I would like every record printed again, exactly as shown.

Records from a data source
▼▼▼
(* Assume (H1), (H2) and the sequence setting (Seq). Let $x\in\mathrm{dom}\,J$, and for each $k$ let $(\bar u_{1,k},\dots,\bar u_{N,k})$ be any minimizer of the Lax problem at the point $(x_k,t_{1,k},\dots,t_{N,k})$. Then: (i) $\lim_{k\to\infty}\bar u_{j,k}=0$ for every $j=1,\dots,N$; (ii) if $\partial J(x)\ne\emptyset$ and $\alpha_{j,\infty}=0$, then $\lim_{k\to\infty}\bar u_{j,k}/t_{1,k}=0$; (iii) if $\partial J(x)\ne\emptyset$ and $\alpha_{j,\infty}\ne0$, then the sequence $(\bar u_{j,k}/t_{j,k})_k$ is bounded.
   Context: Hypothesis (H1): each $H_j:\mathbb{R}^n\to\mathbb{R}$ ($j=1,\dots,N$) is finite-valued, convex and 1-coercive (i.e. $H_j(p)/\|p\|\to+\infty$ as $\|p\|\to\infty$), and at least one $H_j$ is strictly convex. Hypothesis (H2): $J:\mathbb{R}^n\to\mathbb{R}\cup\{+\infty\}$ is proper, convex and lower semicontinuous. $H_j^*$ is the Legendre transform of $H_j$. The Lax problem at $(y,t_1,\dots,t_N)$ with all $t_j>0$ is: minimize $J(y-\sum_{j=1}^N u_j)+\sum_{j=1}^N t_jH_j^*(u_j/t_j)$ over $u_1,\dots,u_N\in\mathbb{R}^n$ (minimizers exist under (H1)-(H2)). Sequence setting (Seq): $x\in\mathbb{R}^n$; for each $j\in\{1,\dots,N\}$ and $k\in\mathbb{N}$, $t_{j,k}>0$ and $v_{j,k}\in\mathbb{R}^n$, with $t_{j,k}\to0$, $v_{j,k}\to v_{j,\infty}\in\mathbb{R}^n$ and $t_{j,k}/t_{1,k}\to\alpha_{j,\infty}\in\mathbb{R}$ as $k\to\infty$; and $x_k=x+\sum_{j=1}^N t_{j,k}v_{j,k}$. *)

theory Defs
  imports "HOL-Analysis.Analysis" "HOL-Library.Extended_Real"
begin

definition strictly_convex :: "('a::real_vector \<Rightarrow> real) \<Rightarrow> bool" where
  "strictly_convex f \<longleftrightarrow>
     (\<forall>x y. \<forall>\<mu>::real. x \<noteq> y \<and> 0 < \<mu> \<and> \<mu> < 1 \<longrightarrow>
        f ((1 - \<mu>) *\<^sub>R x + \<mu> *\<^sub>R y) < (1 - \<mu>) * f x + \<mu> * f y)"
▲▲▲
# [SOLUTION]
(* Assume (H1), (H2) and the sequence setting (Seq). Let $x\in\mathrm{dom}\,J$, and for each $k$ let $(\bar u_{1,k},\dots,\bar u_{N,k})$ be any minimizer of the Lax problem at the point $(x_k,t_{1,k},\dots,t_{N,k})$. Then: (i) $\lim_{k\to\infty}\bar u_{j,k}=0$ for every $j=1,\dots,N$; (ii) if $\partial J(x)\ne\emptyset$ and $\alpha_{j,\infty}=0$, then $\lim_{k\to\infty}\bar u_{j,k}/t_{1,k}=0$; (iii) if $\partial J(x)\ne\emptyset$ and $\alpha_{j,\infty}\ne0$, then the sequence $(\bar u_{j,k}/t_{j,k})_k$ is bounded.
   Context: Hypothesis (H1): each $H_j:\mathbb{R}^n\to\mathbb{R}$ ($j=1,\dots,N$) is finite-valued, convex and 1-coercive (i.e. $H_j(p)/\|p\|\to+\infty$ as $\|p\|\to\infty$), and at least one $H_j$ is strictly convex. Hypothesis (H2): $J:\mathbb{R}^n\to\mathbb{R}\cup\{+\infty\}$ is proper, convex and lower semicontinuous. $H_j^*$ is the Legendre transform of $H_j$. The Lax problem at $(y,t_1,\dots,t_N)$ with all $t_j>0$ is: minimize $J(y-\sum_{j=1}^N u_j)+\sum_{j=1}^N t_jH_j^*(u_j/t_j)$ over $u_1,\dots,u_N\in\mathbb{R}^n$ (minimizers exist under (H1)-(H2)). Sequence setting (Seq): $x\in\mathbb{R}^n$; for each $j\in\{1,\dots,N\}$ and $k\in\mathbb{N}$, $t_{j,k}>0$ and $v_{j,k}\in\mathbb{R}^n$, with $t_{j,k}\to0$, $v_{j,k}\to v_{j,\infty}\in\mathbb{R}^n$ and $t_{j,k}/t_{1,k}\to\alpha_{j,\infty}\in\mathbb{R}$ as $k\to\infty$; and $x_k=x+\sum_{j=1}^N t_{j,k}v_{j,k}$. *)

theory Defs
  imports "HOL-Analysis.Analysis" "HOL-Library.Extended_Real"
begin

definition strictly_convex :: "('a::real_vector \<Rightarrow> real) \<Rightarrow> bool" where
  "strictly_convex f \<longleftrightarrow>
     (\<forall>x y. \<forall>\<mu>::real. x \<noteq> y \<and> 0 < \<mu> \<and> \<mu> < 1 \<longrightarrow>
        f ((1 - \<mu>) *\<^sub>R x + \<mu> *\<^sub>R y) < (1 - \<mu>) * f x + \<mu> * f y)"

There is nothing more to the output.